A plurality of axially extending downstream fingers are coupled to the downstream end of the throat insert, the downstream end being a slidable, flexible member between the insert and the outer shell. This results in an interference-fit joint with a high degree of elasticity, and a joint that receives loads in the radial direction. The downstream finger is preferably formed from a single piece of sheet metal bent into a circular shape to form an air seal, but this need not necessarily be the case. An air seal fits around the downstream outer periphery of the throat insert and is preferably joined thereto by a plurality of point welds. The flexible fingers are biased against the outer shell of the liner, providing several structural advantages. Firstly,
By preloading the fingers, they are biased against the outer shell, thus creating gaps in the seams that could lead to severe and uncontrollable air leakage from the toroidal space into the upstream chamber of the liner. avoid. Furthermore, preloading the fingers induces Coulomb damping, which provides a means of damping the mechanical vibrations in the throat caused by normal combustion. Finally, the fingers form a highly flexible joint between the downstream end of the throat insert and the outer casing, so that this joint can flex radially and/or move axially. , which is only hindered by the friction created between the finger and the outer shell by the preload. As a result, stresses caused by differential thermal expansion between the throat insert and the outer casing are significantly reduced. Furthermore, the slidable connection between the throat insert and the outer casing at the downstream end of the throat insert facilitates replacement of the insert, especially at the upstream end of the insert. Once the plug weld formed at the end of the insert is removed, the insert can be slid out of the outer casing.
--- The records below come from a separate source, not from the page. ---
text \<open>Gibbs' inequality, via p log(p/q) \<ge> (p - q)/ln 2, makes the mutual information positive
  as soon as some product of attained marginal values has joint probability 0.\<close>
lemma mutual_info_zero_imp_joint_value:
  assumes fin: "finite \<Omega>" and mi: "mutual_info \<Omega> X Y = 0"
    and a: "a \<in> \<Omega>" and b: "b \<in> \<Omega>"
  shows "\<exists>\<omega>\<in>\<Omega>. X \<omega> = X a \<and> Y \<omega> = Y b"
proof (rule ccontr)
  assume no_joint: "\<not> ?thesis"
  have ne: "\<Omega> \<noteq> {}" using a by blast
  define P where "P = (\<lambda>\<omega>. (X \<omega>, Y \<omega>)) ` \<Omega>"
  define p where "p = (\<lambda>x y. uprob \<Omega> (\<lambda>\<omega>. X \<omega> = x \<and> Y \<omega> = y))"
  define px where "px = (\<lambda>x. uprob \<Omega> (\<lambda>\<omega>. X \<omega> = x))"
  define py where "py = (\<lambda>y. uprob \<Omega> (\<lambda>\<omega>. Y \<omega> = y))"
  have pos: "0 < p x y" "0 < px x * py y" if "(x, y) \<in> P" for x y
    using that fin by (auto simp: P_def p_def px_def py_def intro!: uprob_pos mult_pos_pos)
  have sum_p: "(\<Sum>(x, y)\<in>P. p x y) = 1"
    using sum_uprob_fibres[OF fin ne, of "\<lambda>\<omega>. (X \<omega>, Y \<omega>)"]
    unfolding P_def p_def by (simp add: case_prod_unfold prod_eq_iff)
  have "mutual_info \<Omega> X Y = (\<Sum>(x, y)\<in>P. p x y * log 2 (p x y / (px x * py y)))"
    unfolding mutual_info_def P_def p_def px_def py_def by simp
  then have "(\<Sum>(x, y)\<in>P. (p x y - px x * py y) / ln 2) \<le> mutual_info \<Omega> X Y"
    using pos mult_log_ratio_ge by (auto intro!: sum_mono)
  then have "(\<Sum>(x, y)\<in>P. p x y) - (\<Sum>(x, y)\<in>P. px x * py y) \<le> 0"
    using mi by (simp add: sum_divide_distrib[symmetric] sum_subtractf case_prod_unfold
        divide_le_0_iff)
  then have product_mass: "1 \<le> (\<Sum>(x, y)\<in>P. px x * py y)"
    using sum_p by simp
  define Q where "Q = X ` \<Omega> \<times> Y ` \<Omega>"
  have ab: "(X a, Y b) \<in> Q"
    using a b by (simp add: Q_def)
  have "(\<Sum>(x, y)\<in>P. px x * py y) \<le> (\<Sum>(x, y)\<in>Q - {(X a, Y b)}. px x * py y)"
  proof (rule sum_mono2)
    show "P \<subseteq> Q - {(X a, Y b)}"
      using no_joint by (auto simp: P_def Q_def)
  qed (use fin in \<open>auto simp: Q_def px_def py_def uprob_nonneg\<close>)
  also have "\<dots> = (\<Sum>(x, y)\<in>Q. px x * py y) - px (X a) * py (Y b)"
    using fin ab by (simp add: Q_def sum_diff1)
  also have "(\<Sum>(x, y)\<in>Q. px x * py y) = (\<Sum>x\<in>X ` \<Omega>. px x) * (\<Sum>y\<in>Y ` \<Omega>. py y)"
    unfolding Q_def by (simp add: sum_product sum.cartesian_product)
  also have "\<dots> = 1"
    using sum_uprob_fibres[OF fin ne, of X] sum_uprob_fibres[OF fin ne, of Y]
    by (simp add: px_def py_def)
  finally have "(\<Sum>(x, y)\<in>P. px x * py y) \<le> 1 - px (X a) * py (Y b)" .
  moreover have "0 < px (X a) * py (Y b)"
    unfolding px_def py_def using fin a b by (intro mult_pos_pos uprob_pos) auto
  ultimately show False
    using product_mass by linarith
qed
Although there are shown in the drawings embodiments which are presently considered preferred for the purpose of illustrating the invention, it is to be understood that the invention is not limited to the precise arrangement and instrumentality shown.

The same reference numerals are used throughout the drawings for like elements. FIG. 1 shows a double wall combustion liner assembly 10 constructed in accordance with the concepts of the present invention.
It is shown. The combustion liner 10 is the combustor 1
Forms part of 2. This combustor is the compressor 14
The fuel is combusted using high pressure air from the The combustor 12 and compressor 14 form part of a combustion turbine 16, although the overall configuration of the combustion turbine need not be described here. The fuel burning in the combustor 12 generates hot gases that are transferred to the transition member 2.
0 to the first stage nozzle 18 and the rotor blades (not shown) of the turbine as power to move the turbine.

Double-walled liner assembly 10 includes an air-cooled cylindrical outer shell 22 and an air-cooled liner throat insert 24 disposed therein. The insert 24 forms a reduced neck 26 which acts to divide the combustion liner into upstream and downstream chambers 28,30. As described to some extent in the Wilkes application, referenced above, the use of a reduced neck 26 in conjunction with certain combustion modes of operation results in less waste emissions. A structure in which the throat is divided into an upstream chamber and a downstream chamber is known as a structure for reducing nitrogen oxides. The further reduced neck 26 reduces the risk of flashback from the downstream chamber to the upstream chamber. These advantages are explained to some extent in the Wilkes application, supra, and will not be repeated here.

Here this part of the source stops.